Some Twitter denizens have posted asking Diaz why this feature is for Samsung phones only, getting a reply along the lines of what Microsoft has already told us – that this particular ability requires a deeper level of device and operating system integration, with the software giant collaborating directly with Samsung to get it all working.

Interestingly, Diaz indicated that we will have further treats with this feature in the pipeline, later tweeting that “there’s more coming soon” without revealing any further info about exactly what that might be. (It won’t be support outside Samsung hardware, we can tell you that much).
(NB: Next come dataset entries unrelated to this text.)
(* For all integers $n\ge 2$ and $1\le k<n$, the domination number of $H_B(n,k)$ is $\gamma(H_B(n,k))=\binom{n}{k}$.
   Context: Fix integers $n\ge 2$ and $1\le k<n$ and positive real numbers $x_1<x_2<\dots<x_n$. Let $\mathscr{B}_n=\{\pm x_1,\pm x_2,\dots,\pm x_{n-1},x_n\}$ (so $-x_n\notin\mathscr{B}_n$). Let $\phi(\mathscr{B}_n)$ be the family of all nonempty subsets $S\subseteq\mathscr{B}_n$ whose elements have pairwise distinct absolute values and whose element of largest absolute value is positive. Let $\mathscr{B}_n^+=\{x_1,\dots,x_n\}$, let $V_1$ be the set of all $k$-element subsets of $\mathscr{B}_n^+$, and let $V_2=\phi(\mathscr{B}_n)\setminus V_1$. For $A\in\phi(\mathscr{B}_n)$ put $A^\dagger=\{|a|:a\in A\}$. The bipartite Kneser B type-$k$ graph $H_B(n,k)$ is the simple graph with vertex set $V_1\cup V_2$ in which $X\in V_1$ and $Y\in V_2$ are adjacent if and only if $X\subseteq Y^\dagger$ or $Y^\dagger\subseteq X$, and there are no other edges. A dominating set is a set $S$ of vertices such that every vertex not in $S$ is adjacent to some vertex of $S$; the domination number is the minimum size of a dominating set. *)

theory Defs
  imports Complex_Main
begin

definition dominating_set :: "'a set \<Rightarrow> ('a \<Rightarrow> 'a \<Rightarrow> bool) \<Rightarrow> 'a set \<Rightarrow> bool" where
  "dominating_set V E S \<longleftrightarrow> S \<subseteq> V \<and> (\<forall>v \<in> V - S. \<exists>u \<in> S. E v u)"

definition domination_number :: "'a set \<Rightarrow> ('a \<Rightarrow> 'a \<Rightarrow> bool) \<Rightarrow> nat" where
  "domination_number V E = (LEAST m. \<exists>S. dominating_set V E S \<and> finite S \<and> card S = m)"

definition Bset :: "(nat \<Rightarrow> real) \<Rightarrow> nat \<Rightarrow> real set" where
  "Bset x n = {x i | i. 1 \<le> i \<and> i \<le> n} \<union> {- x i | i. 1 \<le> i \<and> i \<le> n - 1}"

definition Bplus :: "(nat \<Rightarrow> real) \<Rightarrow> nat \<Rightarrow> real set" where
  "Bplus x n = {x i | i. 1 \<le> i \<and> i \<le> n}"

definition phiB :: "(nat \<Rightarrow> real) \<Rightarrow> nat \<Rightarrow> real set set" where
  "phiB x n = {S. S \<subseteq> Bset x n \<and> S \<noteq> {} \<and> inj_on abs S \<and>
                  (\<exists>a \<in> S. 0 < a \<and> (\<forall>b \<in> S. \<bar>b\<bar> \<le> \<bar>a\<bar>))}"

definition dagger :: "real set \<Rightarrow> real set" where
  "dagger A = abs ` A"

definition HB_V1 :: "(nat \<Rightarrow> real) \<Rightarrow> nat \<Rightarrow> nat \<Rightarrow> real set set" where
  "HB_V1 x n k = {X. X \<subseteq> Bplus x n \<and> card X = k}"

definition HB_V2 :: "(nat \<Rightarrow> real) \<Rightarrow> nat \<Rightarrow> nat \<Rightarrow> real set set" where
  "HB_V2 x n k = phiB x n - HB_V1 x n k"

definition HB_vertices :: "(nat \<Rightarrow> real) \<Rightarrow> nat \<Rightarrow> nat \<Rightarrow> real set set" where
  "HB_vertices x n k = HB_V1 x n k \<union> HB_V2 x n k"

definition HB_adj :: "(nat \<Rightarrow> real) \<Rightarrow> nat \<Rightarrow> nat \<Rightarrow> real set \<Rightarrow> real set \<Rightarrow> bool" where
  "HB_adj x n k A B \<longleftrightarrow>
     (A \<in> HB_V1 x n k \<and> B \<in> HB_V2 x n k \<and> (A \<subseteq> dagger B \<or> dagger B \<subseteq> A)) \<or>
     (B \<in> HB_V1 x n k \<and> A \<in> HB_V2 x n k \<and> (B \<subseteq> dagger A \<or> dagger A \<subseteq> B))"

end

theory Submission imports Defs begin

text \<open>The k-subsets V1 of B_n^+ dominate: the dagger of any vertex is a subset of B_n^+, hence
  comparable with some k-subset. Conversely, a dominating set S must pay for every X in V1.
  For k \<ge> 2, negating the least element of X gives a vertex of V2 whose only neighbour is X,
  so S meets each of the pairwise disjoint pairs {X, negate_min X}. For k = 1 that vertex {-x_i}
  is not in phi(B_n). Instead let m be the largest index with {x_m} not in S: for every other
  such index i the vertex {-x_i, x_m} has only the neighbours {x_i} and {x_m}, so it lies in S;
  and {x_m} is paid for by {x_i0, x_m} for another missing index i0, or by any of its
  neighbours if it is the only singleton missing.\<close>

lemma domination_number_eqI:
  assumes "dominating_set V E S\<^sub>0" "finite S\<^sub>0" "card S\<^sub>0 = m"
    and "\<And>S. dominating_set V E S \<Longrightarrow> finite S \<Longrightarrow> m \<le> card S"
  shows "domination_number V E = m"
  unfolding domination_number_def using assms by (intro Least_equality) blast+

lemma dominating_set_mem_if_no_neighbour_in:
  assumes "dominating_set V E S" "v \<in> V" "\<And>u. E v u \<Longrightarrow> u \<notin> S"
  shows "v \<in> S"
  using assms unfolding dominating_set_def by blast

lemma exists_card_subset_comparable:
  assumes "finite A" "D \<subseteq> A" "m \<le> card A"
  obtains U where "U \<subseteq> A" "card U = m" "U \<subseteq> D \<or> D \<subseteq> U"
proof (cases "m \<le> card D")
  case True
  then obtain U where "U \<subseteq> D" "card U = m" by (rule obtain_subset_with_card_n)
  then show ?thesis using assms(2) by (intro that[of U]) auto
next
  case False
  have "finite D" using assms finite_subset by blast
  then have "m - card D \<le> card (A - D)" using assms by (simp add: card_Diff_subset)
  then obtain F where F: "F \<subseteq> A - D" "card F = m - card D" "finite F"
    by (rule obtain_subset_with_card_n)
  have "card (D \<union> F) = m" using F \<open>finite D\<close> False by (subst card_Un_disjoint) auto
  then show ?thesis using F assms(2) by (intro that[of "D \<union> F"]) auto
qed

context
  fixes n :: nat and x :: "nat \<Rightarrow> real"
  assumes pos: "\<forall>i. 1 \<le> i \<and> i \<le> n \<longrightarrow> 0 < x i"
    and mono: "\<forall>i j. 1 \<le> i \<and> i < j \<and> j \<le> n \<longrightarrow> x i < x j"
begin

lemma x_less_x_iff: "i \<in> {1..n} \<Longrightarrow> j \<in> {1..n} \<Longrightarrow> x i < x j \<longleftrightarrow> i < j"
  using mono by (metis atLeastAtMost_iff less_asym linorder_neqE_nat)

lemma x_eq_x_iff: "i \<in> {1..n} \<Longrightarrow> j \<in> {1..n} \<Longrightarrow> x i = x j \<longleftrightarrow> i = j"
  using x_less_x_iff by (metis less_irrefl linorder_neqE_nat)

lemma Bplus_eq_image: "Bplus x n = x ` {1..n}"
  unfolding Bplus_def by auto

lemma finite_Bplus: "finite (Bplus x n)"
  by (simp add: Bplus_eq_image)

lemma card_Bplus: "card (Bplus x n) = n"
  using x_eq_x_iff by (simp add: Bplus_eq_image card_image inj_on_def)

lemma Bplus_pos: "b \<in> Bplus x n \<Longrightarrow> 0 < b"
  using pos by (auto simp: Bplus_eq_image)

lemma Bplus_subset_Bset: "Bplus x n \<subseteq> Bset x n"
  unfolding Bset_def Bplus_def by auto

lemma abs_mem_Bplus: "b \<in> Bset x n \<Longrightarrow> \<bar>b\<bar> \<in> Bplus x n"
proof -
  assume "b \<in> Bset x n"
  then have "\<exists>i \<in> {1..n}. b = x i \<or> b = - x i" unfolding Bset_def by fastforce
  then obtain i where "i \<in> {1..n}" "b = x i \<or> b = - x i" by blast
  then show ?thesis using pos by (auto simp: Bplus_eq_image)
qed

lemma dagger_subset_Bplus: "Y \<subseteq> Bset x n \<Longrightarrow> dagger Y \<subseteq> Bplus x n"
  unfolding dagger_def using abs_mem_Bplus by blast

lemma card_HB_V1: "card (HB_V1 x n k) = n choose k"
  unfolding HB_V1_def using n_subsets[OF finite_Bplus] card_Bplus by simp

lemma finite_HB_V1: "finite (HB_V1 x n k)"
  unfolding HB_V1_def using finite_Bplus by simp

lemma HB_adj_HB_V2_imp:
  assumes "Y \<in> HB_V2 x n k" "HB_adj x n k Y U"
  shows "U \<in> HB_V1 x n k" "U \<subseteq> dagger Y \<or> dagger Y \<subseteq> U"
  using assms unfolding HB_adj_def HB_V2_def by auto

lemma dominating_set_HB_V1:
  assumes "k \<le> n"
  shows "dominating_set (HB_vertices x n k) (HB_adj x n k) (HB_V1 x n k)"
  unfolding dominating_set_def
proof (intro conjI ballI)
  show "HB_V1 x n k \<subseteq> HB_vertices x n k" by (simp add: HB_vertices_def)
next
  fix Y assume "Y \<in> HB_vertices x n k - HB_V1 x n k"
  then have Y: "Y \<in> HB_V2 x n k" by (auto simp: HB_vertices_def)
  then have "dagger Y \<subseteq> Bplus x n" by (intro dagger_subset_Bplus) (simp add: HB_V2_def phiB_def)
  then obtain U where "U \<subseteq> Bplus x n" "card U = k" "U \<subseteq> dagger Y \<or> dagger Y \<subseteq> U"
    using exists_card_subset_comparable[OF finite_Bplus] card_Bplus assms by metis
  with Y show "\<exists>U \<in> HB_V1 x n k. HB_adj x n k Y U" by (auto simp: HB_V1_def HB_adj_def)
qed

lemma phiB_memI:
  assumes "Y \<subseteq> Bset x n" "inj_on abs Y" "a \<in> Y" "0 < a" "\<And>b. b \<in> Y \<Longrightarrow> \<bar>b\<bar> \<le> a"
  shows "Y \<in> phiB x n"
  using assms unfolding phiB_def by force

definition negate_min :: "real set \<Rightarrow> real set" where
  "negate_min X = insert (- Min X) (X - {Min X})"

context
  fixes k :: nat and X :: "real set"
  assumes two_le_k: "2 \<le> k" and X: "X \<in> HB_V1 x n k"
begin

lemma dagger_negate_min: "dagger (negate_min X) = X"
proof -
  have XB: "X \<subseteq> Bplus x n" and "finite X" "X \<noteq> {}"
    using X two_le_k finite_Bplus finite_subset by (auto simp: HB_V1_def)
  then have minX: "Min X \<in> X" by simp
  have "abs ` (X - {Min X}) = X - {Min X}"
    using XB by (intro image_cong[where g = id, simplified]) (auto intro: abs_of_pos Bplus_pos)
  moreover have "\<bar>- Min X\<bar> = Min X" using minX XB Bplus_pos by force
  ultimately show ?thesis
    using minX unfolding negate_min_def dagger_def by (simp add: insert_absorb)
qed

lemma negate_min_in_HB_V2: "negate_min X \<in> HB_V2 x n k"
proof -
  have XB: "X \<subseteq> Bplus x n" and "card X = k" using X by (auto simp: HB_V1_def)
  then have fX: "finite X" and "card X \<ge> 2" using two_le_k finite_Bplus finite_subset by auto
  have posX: "0 < y" if "y \<in> X" for y using that XB Bplus_pos by blast
  have "X \<noteq> {}" using \<open>card X \<ge> 2\<close> by auto
  then have "card (X - {Min X}) \<noteq> 0" using fX \<open>card X \<ge> 2\<close> by (simp add: card_Diff_singleton)
  then have "X - {Min X} \<noteq> {}" by (metis card.empty)
  then obtain y where y: "y \<in> X" "y \<noteq> Min X" by blast
  have minX: "Min X \<in> X" and maxX: "Max X \<in> X" using fX \<open>X \<noteq> {}\<close> by simp_all
  have max_gt_min: "Min X < Max X"
    using Min_le[OF fX y(1)] Max_ge[OF fX y(1)] y(2) by linarith
  have "Min X \<in> x ` {1..n}" "Max X \<in> x ` {1..n}"
    using minX maxX XB unfolding Bplus_eq_image by blast+
  then obtain i j where i: "i \<in> {1..n}" "Min X = x i" and j: "j \<in> {1..n}" "Max X = x j"
    by blast
  have "i < j" using x_less_x_iff[OF i(1) j(1)] max_gt_min i j by simp
  then have "- Min X \<in> Bset x n" using i j unfolding Bset_def by auto
  then have sub: "negate_min X \<subseteq> Bset x n"
    using XB Bplus_subset_Bset unfolding negate_min_def by auto
  have "- Min X \<notin> X" using posX[of "- Min X"] posX[OF minX] by linarith
  then have "card (negate_min X) = card X"
    using fX minX \<open>card X \<ge> 2\<close> by (simp add: negate_min_def card_Diff_singleton)
  then have inj: "inj_on abs (negate_min X)"
    using fX dagger_negate_min unfolding dagger_def
    by (intro eq_card_imp_inj_on) (simp_all add: negate_min_def)
  have "\<bar>b\<bar> \<le> Max X" if "b \<in> negate_min X" for b
  proof -
    have "\<bar>b\<bar> \<in> X" using that dagger_negate_min unfolding dagger_def by blast
    then show ?thesis using fX by simp
  qed
  moreover have "Max X \<in> negate_min X"
    using maxX max_gt_min unfolding negate_min_def by auto
  ultimately have "negate_min X \<in> phiB x n"
    using phiB_memI[OF sub inj] posX[OF maxX] by blast
  moreover have "negate_min X \<notin> HB_V1 x n k"
    using Bplus_pos[of "- Min X"] posX[OF minX] unfolding HB_V1_def negate_min_def by auto
  ultimately show ?thesis by (simp add: HB_V2_def)
qed

lemma HB_adj_negate_min_imp:
  assumes "HB_adj x n k (negate_min X) U"
  shows "U = X"
proof -
  have "U \<in> HB_V1 x n k" "U \<subseteq> X \<or> X \<subseteq> U"
    using HB_adj_HB_V2_imp[OF negate_min_in_HB_V2 assms] by (simp_all add: dagger_negate_min)
  moreover have "finite U" "finite X"
    using calculation(1) X finite_Bplus finite_subset by (auto simp: HB_V1_def)
  moreover have "card U = card X" using calculation(1) X by (simp add: HB_V1_def)
  ultimately show ?thesis by (metis card_subset_eq)
qed

end

lemma choose_le_card_if_dominating:
  assumes two_le_k: "2 \<le> k"
    and dom: "dominating_set (HB_vertices x n k) (HB_adj x n k) S" and "finite S"
  shows "n choose k \<le> card S"
proof -
  define f where "f X = (if X \<in> S then X else negate_min X)" for X
  have "f X \<in> S" if X: "X \<in> HB_V1 x n k" for X
  proof (cases "X \<in> S")
    case False
    have "negate_min X \<in> S"
      using HB_adj_negate_min_imp[OF two_le_k X] False negate_min_in_HB_V2[OF two_le_k X]
      by (intro dominating_set_mem_if_no_neighbour_in[OF dom]) (auto simp: HB_vertices_def)
    with False show ?thesis by (simp add: f_def)
  qed (simp add: f_def)
  moreover have "inj_on f (HB_V1 x n k)"
  proof (rule inj_on_inverseI)
    fix X assume X: "X \<in> HB_V1 x n k"
    show "(if f X \<in> HB_V1 x n k then f X else dagger (f X)) = X"
      using negate_min_in_HB_V2[OF two_le_k X] dagger_negate_min[OF two_le_k X] X
      by (auto simp: f_def HB_V2_def)
  qed
  ultimately show ?thesis
    using card_inj_on_le[of f "HB_V1 x n k" S] \<open>finite S\<close> card_HB_V1 by (simp add: image_subset_iff)
qed

lemma HB_V1_one_eq: "HB_V1 x n 1 = (\<lambda>i. {x i}) ` {1..n}"
proof (intro equalityI subsetI)
  fix X assume "X \<in> HB_V1 x n 1"
  then obtain a where "X = {a}" "a \<in> Bplus x n" by (auto simp: HB_V1_def card_1_singleton_iff)
  then show "X \<in> (\<lambda>i. {x i}) ` {1..n}" by (auto simp: Bplus_eq_image)
qed (auto simp: HB_V1_def Bplus_eq_image)

context
  fixes i j :: nat and s :: real
  assumes i: "i \<in> {1..n}" and j: "j \<in> {1..n}" and "i < j" and s: "s = 1 \<or> s = -1"
begin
Remember also that Windows 11 will get native Android app support in the very near future, later this month, in fact; albeit still in beta form. And the other catch is, it won’t be all Android apps, just those available through the Amazon App Store (delivered via the Microsoft Store). Still, that’s a good start, and this will actually be running the apps on the PC (as opposed to remotely operating them from a Samsung phone).